**Exercise prompt**
When the line containing "(\<integral>\<^sup>+x. (\<integral>\<^sup>+y. f (x, y +" is reached, include it and end there; set down verbatim every line before it, starting at the top of the records.

**Task material**
· · · · ·

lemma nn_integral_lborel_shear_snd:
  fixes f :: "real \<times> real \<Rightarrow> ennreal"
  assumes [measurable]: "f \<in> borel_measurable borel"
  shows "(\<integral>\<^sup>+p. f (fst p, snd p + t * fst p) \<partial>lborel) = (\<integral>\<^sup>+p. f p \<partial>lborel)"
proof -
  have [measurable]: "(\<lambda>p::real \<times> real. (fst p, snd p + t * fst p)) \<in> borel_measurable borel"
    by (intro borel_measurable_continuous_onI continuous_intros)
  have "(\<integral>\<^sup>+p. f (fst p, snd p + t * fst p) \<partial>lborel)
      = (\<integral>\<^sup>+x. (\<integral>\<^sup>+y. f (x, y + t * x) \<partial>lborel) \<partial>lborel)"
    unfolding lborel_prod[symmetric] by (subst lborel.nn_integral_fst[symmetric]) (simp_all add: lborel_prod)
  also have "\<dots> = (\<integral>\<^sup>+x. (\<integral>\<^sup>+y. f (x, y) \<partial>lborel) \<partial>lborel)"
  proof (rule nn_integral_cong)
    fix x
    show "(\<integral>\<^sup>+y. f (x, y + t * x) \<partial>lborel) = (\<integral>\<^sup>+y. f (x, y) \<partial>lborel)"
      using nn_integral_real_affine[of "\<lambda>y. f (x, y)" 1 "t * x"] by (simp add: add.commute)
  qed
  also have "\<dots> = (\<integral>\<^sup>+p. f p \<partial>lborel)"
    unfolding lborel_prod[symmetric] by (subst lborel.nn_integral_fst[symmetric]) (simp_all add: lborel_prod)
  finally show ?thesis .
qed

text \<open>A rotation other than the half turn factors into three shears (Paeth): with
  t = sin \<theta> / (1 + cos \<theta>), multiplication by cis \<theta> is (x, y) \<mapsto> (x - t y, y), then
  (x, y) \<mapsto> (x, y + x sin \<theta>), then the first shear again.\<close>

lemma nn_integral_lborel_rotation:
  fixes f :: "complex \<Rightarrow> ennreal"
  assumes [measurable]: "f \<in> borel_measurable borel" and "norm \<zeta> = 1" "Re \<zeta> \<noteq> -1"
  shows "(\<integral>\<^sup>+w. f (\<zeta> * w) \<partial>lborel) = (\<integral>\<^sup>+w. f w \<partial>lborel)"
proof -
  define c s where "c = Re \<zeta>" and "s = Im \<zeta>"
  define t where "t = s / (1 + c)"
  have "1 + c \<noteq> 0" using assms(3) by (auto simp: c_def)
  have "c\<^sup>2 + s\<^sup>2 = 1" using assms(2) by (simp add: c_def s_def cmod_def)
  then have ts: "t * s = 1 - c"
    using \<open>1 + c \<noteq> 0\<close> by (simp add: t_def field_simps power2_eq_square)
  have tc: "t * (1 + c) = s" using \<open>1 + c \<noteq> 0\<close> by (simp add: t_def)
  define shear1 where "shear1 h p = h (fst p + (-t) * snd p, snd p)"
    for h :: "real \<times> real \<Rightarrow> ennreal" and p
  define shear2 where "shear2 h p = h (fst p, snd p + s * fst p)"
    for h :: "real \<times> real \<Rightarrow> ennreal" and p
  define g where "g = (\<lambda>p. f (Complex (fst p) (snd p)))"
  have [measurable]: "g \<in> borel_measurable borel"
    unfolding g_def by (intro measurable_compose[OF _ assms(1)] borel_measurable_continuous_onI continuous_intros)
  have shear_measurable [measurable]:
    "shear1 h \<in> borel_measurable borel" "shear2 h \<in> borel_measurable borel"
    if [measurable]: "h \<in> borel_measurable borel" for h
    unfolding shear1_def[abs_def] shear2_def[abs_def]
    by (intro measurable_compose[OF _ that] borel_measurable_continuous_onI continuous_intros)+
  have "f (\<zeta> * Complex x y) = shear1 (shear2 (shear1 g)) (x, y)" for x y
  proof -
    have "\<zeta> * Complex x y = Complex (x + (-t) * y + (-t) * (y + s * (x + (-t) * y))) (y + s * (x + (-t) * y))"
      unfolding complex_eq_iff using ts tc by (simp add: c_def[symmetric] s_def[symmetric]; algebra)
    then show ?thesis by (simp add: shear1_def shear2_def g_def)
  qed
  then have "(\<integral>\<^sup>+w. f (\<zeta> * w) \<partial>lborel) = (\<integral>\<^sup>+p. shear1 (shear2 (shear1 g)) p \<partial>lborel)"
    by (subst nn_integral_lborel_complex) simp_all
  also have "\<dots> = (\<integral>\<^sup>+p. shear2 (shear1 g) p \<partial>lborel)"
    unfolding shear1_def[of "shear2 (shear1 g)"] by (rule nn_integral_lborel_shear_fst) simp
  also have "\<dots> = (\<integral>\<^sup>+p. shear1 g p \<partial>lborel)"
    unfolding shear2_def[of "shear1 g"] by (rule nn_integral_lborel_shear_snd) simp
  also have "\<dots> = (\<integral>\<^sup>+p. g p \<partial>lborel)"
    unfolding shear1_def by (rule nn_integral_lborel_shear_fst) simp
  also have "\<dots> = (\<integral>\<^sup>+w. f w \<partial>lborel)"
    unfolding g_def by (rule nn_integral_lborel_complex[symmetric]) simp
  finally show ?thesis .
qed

· · · · ·

**Your solution**
lemma nn_integral_lborel_shear_snd:
  fixes f :: "real \<times> real \<Rightarrow> ennreal"
  assumes [measurable]: "f \<in> borel_measurable borel"
  shows "(\<integral>\<^sup>+p. f (fst p, snd p + t * fst p) \<partial>lborel) = (\<integral>\<^sup>+p. f p \<partial>lborel)"
proof -
  have [measurable]: "(\<lambda>p::real \<times> real. (fst p, snd p + t * fst p)) \<in> borel_measurable borel"
    by (intro borel_measurable_continuous_onI continuous_intros)
  have "(\<integral>\<^sup>+p. f (fst p, snd p + t * fst p) \<partial>lborel)
      = (\<integral>\<^sup>+x. (\<integral>\<^sup>+y. f (x, y + t * x) \<partial>lborel) \<partial>lborel)"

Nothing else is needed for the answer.